# Eletrical problem in Touareg causing battery drain



## Atilla49 (Nov 8, 2001)

I spent some time searching the forums last night and found a bunch of you are having the same problem I did with a dead battery. I took mine in for service and the dealer told me that Volkswagen has discovered a software glitch in the radio that causes it not to fully turn off. This is a constant drain on the battery that will eventually kill it if it goes unused for "long" periods of time. They didn't say how long it would take to fix it though.
Just thought i'd give you guys a heads up.


----------



## Juaser (Jan 24, 2004)

*Re: Eletrical problem in Touareg causing battery drain (Atilla49)*

This happened to me, and I just had the Nav Unit replaced. It wouldn't have taken as long as it did, but the unit was on backorder.


----------



## Jack F (Feb 16, 2004)

*Re: Eletrical problem in Touareg causing battery drain (Atilla49)*

Per local dealer and another forum member here, VW is using larger batteries. THere is a new part number for the new battery. Don't know for sure if the battery is designed differently or larger.
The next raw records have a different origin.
(* Let $\mathcal A\subseteq E^\infty$, let $V\subseteq E$ be a block subspace, $\vec v$ a finite block sequence and $T$ a $(V,\vec v)$-rule, and suppose that for every block subspace $W\subseteq V$, player I has no strategy in $B^T_W(\vec v)$ to play in $\mathcal A$. (a) If $|\vec v|$ is odd, then there is a block subspace $X\subseteq V$ such that for every block subspace $Y\subseteq X$ there is $x\in Y$ with $\vec v\,\hat{}\,x\in T$ such that for every block subspace $W\subseteq X$, player I has no strategy in $B^T_W(\vec v\,\hat{}\,x)$ to play in $\mathcal A$. (b) If $|\vec v|$ is even, then there is a block subspace $X\subseteq V$ with $\vec v\,\hat{}\,x\in T$ for all non-zero $x\in X$, such that for every non-zero $x\in X$ and every block subspace $W\subseteq X$, player I has no strategy in $B^T_W(\vec v\,\hat{}\,x)$ to play in $\mathcal A$.
   Context: Fix a countable field $\mathfrak F$ and let $E$ be the countable-dimensional $\mathfrak F$-vector space with basis $(e_n)$. For non-zero $x=\sum a_ne_n$, ${\rm supp}\,x=\{n:a_n\neq0\}$. A block sequence is a sequence of non-zero vectors with $\max{\rm supp}\,x_n<\min{\rm supp}\,x_{n+1}$. "Subspace" means an infinite-dimensional block subspace of $E$; vectors played are non-zero. For a subspace $X$, $X[k]=\{x\in X\setminus\{0\}:k<\min{\rm supp}\,x\}$. $E^\infty=E^{\mathbb N}$ with the product of discrete topologies; $E^{<\infty}$ is the set of finite block sequences; $\hat{}$ is concatenation; $T_{\vec x}=\{\vec y:\vec x\,\hat{}\,\vec y\in T\}$. Game $B_V(\vec v)$: if $|\vec v|$ is even: II plays a subspace $Z_0\subseteq V$; I plays non-zero $x_0\in Z_0$ and $n_0\in\mathbb N$; II plays non-zero $y_0\in V[n_0]$ and a subspace $Z_1\subseteq V$; I plays $x_1\in Z_1$, $n_1$; II plays $y_1\in V[n_1]$, $Z_2$; etc.; outcome $\vec v\,\hat{}\,(x_0,y_0,x_1,y_1,\dots)$. If $|\vec v|$ is odd: I plays $n_0$; II plays $y_0\in V[n_0]$ and $Z_0\subseteq V$; I plays $x_0\in Z_0$ and $n_1$; II plays $y_1\in V[n_1]$ and $Z_1$; etc.; outcome $\vec v\,\hat{}\,(y_0,x_0,y_1,x_1,\dots)$. A $(V,\vec v)$-rule is a set $T\subseteq E^{<\infty}$ with $\vec v\in T$ such that: (i) if $\vec y\in T$, $|\vec y|$ odd, then for every subspace $Z\subseteq V$ there is $z\in Z$ with $\vec y\,\hat{}\,z\in T$; (ii) if $\vec y\in T$, $|\vec y|$ even, then there is $n$ with $\vec y\,\hat{}\,z\in T$ for all $z\in V[n]$. The $T$-induced subgame $B^T_V(\vec v)$ is played as $B_V(\vec v)$ with the additional requirement that every position, i.e. the finite sequence of vectors played so far listed in the order they appear in the outcome, belongs to $T_{\vec v}$. A strategy to play in $\mathcal A$ is one all of whose outcomes lie in $\mathcal A$. *)

theory Defs
  imports Main "HOL-Library.Countable"
begin

text \<open>Vectors of E are finitely supported functions nat => F (coordinates w.r.t. the basis (e_n)).
  The countable field F is a type variable of class {field, countable}.\<close>

type_synonym 'f vec = "nat \<Rightarrow> 'f"

abbreviation zvec :: "('f::zero) vec" where "zvec \<equiv> (\<lambda>_. 0)"

definition Evec :: "('f::field) vec set" where
  "Evec = {x. finite {n. x n \<noteq> 0}}"

definition supp :: "('f::field) vec \<Rightarrow> nat set" where
  "supp x = {n. x n \<noteq> 0}"

definition block_seq :: "(nat \<Rightarrow> ('f::field) vec) \<Rightarrow> bool" where
  "block_seq b \<longleftrightarrow> (\<forall>n. b n \<in> Evec \<and> b n \<noteq> zvec) \<and>
     (\<forall>n. Max (supp (b n)) < Min (supp (b (Suc n))))"

definition fin_block :: "('f::field) vec list \<Rightarrow> bool" where
  "fin_block xs \<longleftrightarrow> (\<forall>x\<in>set xs. x \<in> Evec \<and> x \<noteq> zvec) \<and>
     (\<forall>i. Suc i < length xs \<longrightarrow> Max (supp (xs ! i)) < Min (supp (xs ! Suc i)))"

definition lspan :: "(nat \<Rightarrow> ('f::field) vec) \<Rightarrow> 'f vec set" where
  "lspan b = {x. \<exists>N c. x = (\<lambda>k. \<Sum>i<N. c i * b i k)}"

definition block_subspace :: "('f::field) vec set \<Rightarrow> bool" where
  "block_subspace X \<longleftrightarrow> (\<exists>b. block_seq b \<and> X = lspan b)"

definition tail :: "('f::field) vec set \<Rightarrow> nat \<Rightarrow> 'f vec set" where
  "tail X k = {x\<in>X. x \<noteq> zvec \<and> k < Min (supp x)}"

definition is_rule :: "('f::field) vec set \<Rightarrow> 'f vec list \<Rightarrow> 'f vec list set \<Rightarrow> bool" where
  "is_rule V v T \<longleftrightarrow> T \<subseteq> {xs. fin_block xs} \<and> v \<in> T \<and>
     (\<forall>y\<in>T. odd (length y) \<longrightarrow>
        (\<forall>Z. block_subspace Z \<and> Z \<subseteq> V \<longrightarrow> (\<exists>z\<in>Z. z \<noteq> zvec \<and> y @ [z] \<in> T))) \<and>
     (\<forall>y\<in>T. even (length y) \<longrightarrow> (\<exists>n. \<forall>z\<in>tail V n. y @ [z] \<in> T))"

definition outcome :: "'a list \<Rightarrow> (nat \<Rightarrow> 'a) \<Rightarrow> (nat \<Rightarrow> 'a)" where
  "outcome u p = (\<lambda>i. if i < length u then u ! i else p (i - length u))"

text \<open>A strategy sigma for I maps the list of II's moves so far
  to I's next move (x, n).  II's k-th move is m k = (y_(k-1), Z_k) (the vector
  component of m 0 is ignored).  The vectors are played in the order x0, y0, x1, y1, ...\<close>
definition I_wins_even ::
  "'f vec list set \<Rightarrow> ('f::field) vec set \<Rightarrow> 'f vec list \<Rightarrow> (nat \<Rightarrow> 'f vec) set
   \<Rightarrow> (('f vec \<times> 'f vec set) list \<Rightarrow> 'f vec \<times> nat) \<Rightarrow> bool" where
  "I_wins_even T W u A \<sigma> \<longleftrightarrow>
    (\<forall>m :: nat \<Rightarrow> 'f vec \<times> 'f vec set.
      let Im = (\<lambda>k. \<sigma> (map m [0..<Suc k]));
          x = (\<lambda>k. fst (Im k)); n = (\<lambda>k. snd (Im k));
          y = (\<lambda>k. fst (m (Suc k))); Z = (\<lambda>k. snd (m k));
          p = (\<lambda>i. if even i then x (i div 2) else y (i div 2));
          IIz = (\<lambda>k. block_subspace (Z k) \<and> Z k \<subseteq> W);
          Ix = (\<lambda>k. x k \<in> Z k \<and> x k \<noteq> zvec \<and> u @ map p [0..<2*k+1] \<in> T);
          IIy = (\<lambda>k. y k \<in> tail W (n k) \<and> u @ map p [0..<2*k+2] \<in> T)
      in (\<forall>k. (\<forall>j<k. IIz j \<and> Ix j \<and> IIy j) \<and> IIz k \<longrightarrow> Ix k) \<and>
         ((\<forall>k. IIz k \<and> IIy k) \<longrightarrow> outcome u p \<in> A))"

text \<open>I's k-th move is sigma applied to II's first k moves,
  = (x_(k-1), n_k) (the vector component of I's 0-th move is ignored).  II's k-th move is
  m k = (y_k, Z_k).  The vectors are played in the order y0, x0, y1, x1, ...\<close>
definition I_wins_odd ::
  "'f vec list set \<Rightarrow> ('f::field) vec set \<Rightarrow> 'f vec list \<Rightarrow> (nat \<Rightarrow> 'f vec) set
   \<Rightarrow> (('f vec \<times> 'f vec set) list \<Rightarrow> 'f vec \<times> nat) \<Rightarrow> bool" where
  "I_wins_odd T W u A \<sigma> \<longleftrightarrow>
    (\<forall>m :: nat \<Rightarrow> 'f vec \<times> 'f vec set.
      let Im = (\<lambda>k. \<sigma> (map m [0..<k]));
          x = (\<lambda>k. fst (Im (Suc k))); n = (\<lambda>k. snd (Im k));
          y = (\<lambda>k. fst (m k)); Z = (\<lambda>k. snd (m k));
          p = (\<lambda>i. if even i then y (i div 2) else x (i div 2));
          II = (\<lambda>k. y k \<in> tail W (n k) \<and> u @ map p [0..<2*k+1] \<in> T \<and>
                    block_subspace (Z k) \<and> Z k \<subseteq> W);
          Ix = (\<lambda>k. x k \<in> Z k \<and> x k \<noteq> zvec \<and> u @ map p [0..<2*k+2] \<in> T)
      in (\<forall>k. (\<forall>j<k. II j \<and> Ix j) \<and> II k \<longrightarrow> Ix k) \<and>
         ((\<forall>k. II k) \<longrightarrow> outcome u p \<in> A))"

definition I_has_strategy ::
  "'f vec list set \<Rightarrow> ('f::field) vec set \<Rightarrow> 'f vec list \<Rightarrow> (nat \<Rightarrow> 'f vec) set \<Rightarrow> bool" where
  "I_has_strategy T W u A \<longleftrightarrow>
     (\<exists>\<sigma>. if even (length u) then I_wins_even T W u A \<sigma> else I_wins_odd T W u A \<sigma>)"

end

theory Submission
  imports Defs "HOL-Library.Countable_Set"
begin
(* Let $n\ge2$, $0<m\le L$, $\kappa=L/m$, let $\rho\in(0,1)$ satisfy $1/(1-\rho)\ge(\sqrt\kappa+1)/2$, let $c=\dfrac{\kappa-(1+\rho)/(1-\rho)}{\rho\,(\kappa+(1+\rho)/(1-\rho))}$, and consider the two-step momentum algorithm with parameters $\alpha=(1+\rho)(1+c\rho)/L$, $\beta=c\rho^2$, $\gamma=0$. Then $$J_{\max}=n\hat J(m)=n\hat J(L),\qquad J_{\min}=2\hat J(m)+(n-2)\hat J(\hat\lambda),$$ where $\hat\lambda=(m+L)/2$, $\hat J(m)=\dfrac{\sigma_w^2(\kappa+1)}{2(1-c\rho^2)(1+\rho)(1+c\rho)}$ and $\hat J(\hat\lambda)=\dfrac{\sigma_w^2}{(1+c\rho^2)(1-c\rho^2)}$.
   Context: $\mathcal{Q}_m^L$ is the class of quadratic functions $f(x)=\tfrac12x^TQx-q^Tx$ on $\mathbb{R}^n$ with $q\in\mathbb{R}^n$, $Q=Q^T\succ0$ whose largest eigenvalue is $L$ and smallest is $m$; $x^\star$ is the minimizer. The noisy two-step momentum algorithm is $x^{t+2}=x^{t+1}+\beta(x^{t+1}-x^t)-\alpha\nabla f\big(x^{t+1}+\gamma(x^{t+1}-x^t)\big)+\sigma_w w^t$, with $w^t$ white noise, $\mathbb{E}[w^t]=0$, $\mathbb{E}[w^t(w^\tau)^T]=I\delta(t-\tau)$, $\sigma_w\ge0$. For $\lambda>0$ let $a(\lambda)=\beta-\gamma\alpha\lambda$, $b(\lambda)=(1+\gamma)\alpha\lambda-(1+\beta)$, $d=a+b+1$, $l=a-b+1$, $h=1-a$, and $\hat J(\lambda)=\sigma_w^2(d+l)/(2dhl)$ (evaluated at $\lambda$). Noise amplification $J=\lim_{t\to\infty}\frac1t\sum_{k=0}^t\mathbb{E}\|x^k-x^\star\|_2^2$; $J_{\max}=\max_{f\in\mathcal{Q}_m^L}J$, $J_{\min}=\min_{f\in\mathcal{Q}_m^L}J$. *)

theory Defs
  imports "HOL-Probability.Probability"
begin

definition mat_eigenvalue :: "real^'n^'n \<Rightarrow> real \<Rightarrow> bool" where
  "mat_eigenvalue Q lam \<longleftrightarrow> (\<exists>v. v \<noteq> 0 \<and> Q *v v = lam *\<^sub>R v)"

text \<open>The class Q_m^L, a quadratic f(x) = 1/2 x^T Q x - q^T x represented by the pair (Q,q).\<close>
definition quad_class :: "real \<Rightarrow> real \<Rightarrow> ((real^'n^'n) \<times> (real^'n)) set" where
  "quad_class m L = {(Q, q). transpose Q = Q
      \<and> (\<forall>x. x \<noteq> 0 \<longrightarrow> x \<bullet> (Q *v x) > 0)
      \<and> mat_eigenvalue Q L \<and> (\<forall>lam. mat_eigenvalue Q lam \<longrightarrow> lam \<le> L)
      \<and> mat_eigenvalue Q m \<and> (\<forall>lam. mat_eigenvalue Q lam \<longrightarrow> m \<le> lam)}"

definition quad_fun :: "real^'n^'n \<Rightarrow> real^'n \<Rightarrow> real^'n \<Rightarrow> real" where
  "quad_fun Q q x = (1/2) * (x \<bullet> (Q *v x)) - q \<bullet> x"

text \<open>Gradient of quad_fun Q q (Q symmetric).\<close>
definition quad_grad :: "real^'n^'n \<Rightarrow> real^'n \<Rightarrow> real^'n \<Rightarrow> real^'n" where
  "quad_grad Q q x = Q *v x - q"

definition quad_argmin :: "real^'n^'n \<Rightarrow> real^'n \<Rightarrow> real^'n" where
  "quad_argmin Q q = (THE x. \<forall>y. quad_fun Q q x \<le> quad_fun Q q y)"

fun mom_state :: "real \<Rightarrow> real \<Rightarrow> real \<Rightarrow> real \<Rightarrow> real^'n^'n \<Rightarrow> real^'n
    \<Rightarrow> (nat \<Rightarrow> real^'n) \<Rightarrow> real^'n \<Rightarrow> real^'n \<Rightarrow> nat \<Rightarrow> (real^'n) \<times> (real^'n)" where
  "mom_state \<alpha> \<beta> \<gamma> \<sigma> Q q w x0 x1 0 = (x0, x1)"
| "mom_state \<alpha> \<beta> \<gamma> \<sigma> Q q w x0 x1 (Suc t) =
     (let (a, b) = mom_state \<alpha> \<beta> \<gamma> \<sigma> Q q w x0 x1 t in
      (b, b + \<beta> *\<^sub>R (b - a) - \<alpha> *\<^sub>R quad_grad Q q (b + \<gamma> *\<^sub>R (b - a)) + \<sigma> *\<^sub>R w t))"

definition mom_iter :: "real \<Rightarrow> real \<Rightarrow> real \<Rightarrow> real \<Rightarrow> real^'n^'n \<Rightarrow> real^'n
    \<Rightarrow> (nat \<Rightarrow> real^'n) \<Rightarrow> real^'n \<Rightarrow> real^'n \<Rightarrow> nat \<Rightarrow> real^'n" where
  "mom_iter \<alpha> \<beta> \<gamma> \<sigma> Q q w x0 x1 k = fst (mom_state \<alpha> \<beta> \<gamma> \<sigma> Q q w x0 x1 k)"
The TREG requires a much higher percentage of 12V to allow to start as compared to some other vehicles that could probably start on 9V/12V. Hopefully this will solve the problem and update/replaced NAV units for the newer vehicles coming off the line.


----------



## mml7 (Dec 3, 1999)

*Re: Eletrical problem in Touareg causing battery drain (Jack F)*

Of course, if the problem really is due to a glitch in the radio or other component that continues to draw power when the car is off, installing a larger capacity battery accomplishes nothing except forestalling the inevitable...


----------



## aircooled (Jul 30, 2003)

*Re: Eletrical problem in Touareg causing battery drain (mml7)*

Several here have also reported that the compass controller has been a main culprit of battery drain by waking up when it should be in an off state.


----------